Alright, im at a loss here.
im using serverless w/ aws
everything seems fine when i host local
cross-env deploy_channel='development' projectId='foo' serverless offline start
but when i run
serverless deploy
and i check cloudwatch logs, i get:
{ CredentialsError: Missing credentials in config
at Object.openSync (fs.js:443:3)
at Object.readFileSync (fs.js:343:35)
at Object.readFileSync (/var/runtime/node_modules/aws-sdk/lib/util.js:95:26)
at IniLoader.parseFile (/var/runtime/node_modules/aws-sdk/lib/shared-ini/ini-loader.js:6:47)
at IniLoader.loadFrom (/var/runtime/node_modules/aws-sdk/lib/shared-ini/ini-loader.js:56:30)
at SharedIniFileCredentials.load (/var/runtime/node_modules/aws-sdk/lib/credentials/shared_ini_file_credentials.js:104:41)
at SharedIniFileCredentials.coalesceRefresh (/var/runtime/node_modules/aws-sdk/lib/credentials.js:205:12)
at SharedIniFileCredentials.refresh (/var/runtime/node_modules/aws-sdk/lib/credentials/shared_ini_file_credentials.js:185:10)

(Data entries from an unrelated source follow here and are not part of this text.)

(* Let $B$ be a blueprint and let $I\subseteq B$ be an ideal of $B$ that contains all absorbing elements of $B$. Then $\sim_I$ is a congruence on $B$, its absorbing ideal $I_{\sim_I}$ equals $I$, and $\sim_I$ is the smallest congruence on $B$ whose absorbing ideal is $I$.
   Context: A monoid is a commutative semigroup $A$, written multiplicatively, with neutral element $1$. For a monoid $A$, $\mathbb N[A]$ denotes the semiring of finite formal sums $\sum a_i$ of elements $a_i\in A$ (repetitions allowed), with empty sum $\underline0$ and multiplication extended bilinearly from $A$. A pre-addition on $A$ is a relation $\mathcal R\subseteq\mathbb N[A]\times\mathbb N[A]$, written $\sum a_i\equiv\sum b_j$, which is an equivalence relation and satisfies: if $\sum a_i\equiv\sum b_j$ and $\sum c_k\equiv\sum d_l$, then $\sum a_i+\sum c_k\equiv\sum b_j+\sum d_l$ and $\sum_{i,k}a_ic_k\equiv\sum_{j,l}b_jd_l$. A blueprint $B=(A,\mathcal R)$ is a monoid $A$ with a pre-addition $\mathcal R$; we write $a\in B$ for $a\in A$. An element $e$ with $e\equiv\underline0$ is a zero of $B$; an element $e$ with $eb\equiv e$ for all $b\in B$ is an absorbing element. For an equivalence relation $\sim$ on $A$, its linear extension $\sim_{\mathbb N}$ is the equivalence relation on $\mathbb N[A]$ generated by $\sum_{i=1}^n a_i\sim_{\mathbb N}\sum_{i=1}^n b_i$ whenever $a_i\sim b_i$ for all $i$; and $\sim_{\mathcal R}$ is the smallest equivalence relation on $\mathbb N[A]$ containing both $\mathcal R$ and $\sim_{\mathbb N}$. A congruence on $B$ is an equivalence relation $\sim$ on $A$ such that (C1) $\sim_{\mathbb N}$ is a pre-addition on $A$, and (C2) the restriction of $\sim_{\mathcal R}$ to $A$ equals $\sim$. The absorbing ideal of a congruence $\sim$ is $I_\sim=\{e\in B: eb\sim e\text{ for all }b\in B\}$. For a subset $I\subseteq B$, let $\sim^I$ be the equivalence relation on $A$ with $a\sim^I b$ iff $a=b$ or $a,b\in I$, and let $\sim_I$ be the relation on $A$ with $a\sim_I b$ iff there is a finite sequence $a\equiv\sum_k c_{1,k}\sim^I_{\mathbb N}\sum_k d_{1,k}\equiv\sum_k c_{2,k}\sim^I_{\mathbb N}\cdots\sim^I_{\mathbb N}\sum_k d_{n,k}\equiv b$ with $c_{i,k},d_{i,k}\in A$ (equivalently, $\sim_I$ is the restriction of $(\sim^I)_{\mathcal R}$ to $A$). An ideal of $B$ is a subset $I\subseteq B$ such that (I1) $ab\in I$ for all $a\in I$, $b\in B$; (I2) every zero of $B$ lies in $I$; (I3) if $a\sim_I b$ and $b\in I$, then $a\in I$. *)

theory Defs
  imports "HOL-Library.Multiset"
begin

text \<open>The monoid A is the carrier type 'a (class comm_monoid_mult).
  N[A] is modelled by 'a multiset (finite formal sums, repetitions allowed),
  with empty sum {#} and sum (+).\<close>

definition msum_mult :: "'a::comm_monoid_mult multiset \<Rightarrow> 'a multiset \<Rightarrow> 'a multiset" where
  "msum_mult M N = (\<Sum>a\<in>#M. image_mset (\<lambda>c. a * c) N)"

definition pre_addition :: "('a::comm_monoid_mult multiset \<times> 'a multiset) set \<Rightarrow> bool" where
  "pre_addition R \<longleftrightarrow> equiv UNIV R \<and>
     (\<forall>M1 N1 M2 N2. (M1, N1) \<in> R \<longrightarrow> (M2, N2) \<in> R \<longrightarrow>
        (M1 + M2, N1 + N2) \<in> R \<and> (msum_mult M1 M2, msum_mult N1 N2) \<in> R)"

definition is_zero :: "('a::comm_monoid_mult multiset \<times> 'a multiset) set \<Rightarrow> 'a \<Rightarrow> bool" where
  "is_zero R e \<longleftrightarrow> ({#e#}, {#}) \<in> R"

definition is_absorbing :: "('a::comm_monoid_mult multiset \<times> 'a multiset) set \<Rightarrow> 'a \<Rightarrow> bool" where
  "is_absorbing R e \<longleftrightarrow> (\<forall>b. ({#e * b#}, {#e#}) \<in> R)"

definition lin_ext :: "('a \<times> 'a) set \<Rightarrow> ('a multiset \<times> 'a multiset) set" where
  "lin_ext S = (let G = {(M, N). rel_mset (\<lambda>a b. (a, b) \<in> S) M N} in (G \<union> G\<inverse>)\<^sup>*)"

definition sim_R :: "('a multiset \<times> 'a multiset) set \<Rightarrow> ('a \<times> 'a) set \<Rightarrow> ('a multiset \<times> 'a multiset) set" where
  "sim_R R S = (let G = R \<union> lin_ext S in (G \<union> G\<inverse>)\<^sup>*)"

at SharedIniFileCredentials.get (/var/runtime/node_modules/aws-sdk/lib/credentials.js:122:12)
at getAsyncCredentials (/var/runtime/node_modules/aws-sdk/lib/config.js:361:24)
message: 'Missing credentials in config',
errno: -2,
syscall: 'open',
code: 'CredentialsError',
path: '/home/sbx_user1080/.aws/credentials',
time: 2019-09-20T02:36:00.842Z,
originalError:
{ message: 'Could not load credentials from SharedIniFileCredentials',
errno: -2,
syscall: 'open',
code: 'CredentialsError',
path: '/home/sbx_user1080/.aws/credentials',
time: 2019-09-20T02:36:00.842Z,
originalError:
{ errno: -2,
syscall: 'open',
code: 'ENOENT',
path: '/home/sbx_user1080/.aws/credentials',
message:
'ENOENT: no such file or directory, open \'/home/sbx_user1080/.aws/credentials\'' } } }
My understanding is that the lambdas should have an IAM user assigned to them at deploy time, and i see that user assigned to them
I’ve tried a narrow row and an expansive admin type role, neither seem to work
According to what feels like common sense and the thread here:
that feels like it should be enough, but apparently it’s not.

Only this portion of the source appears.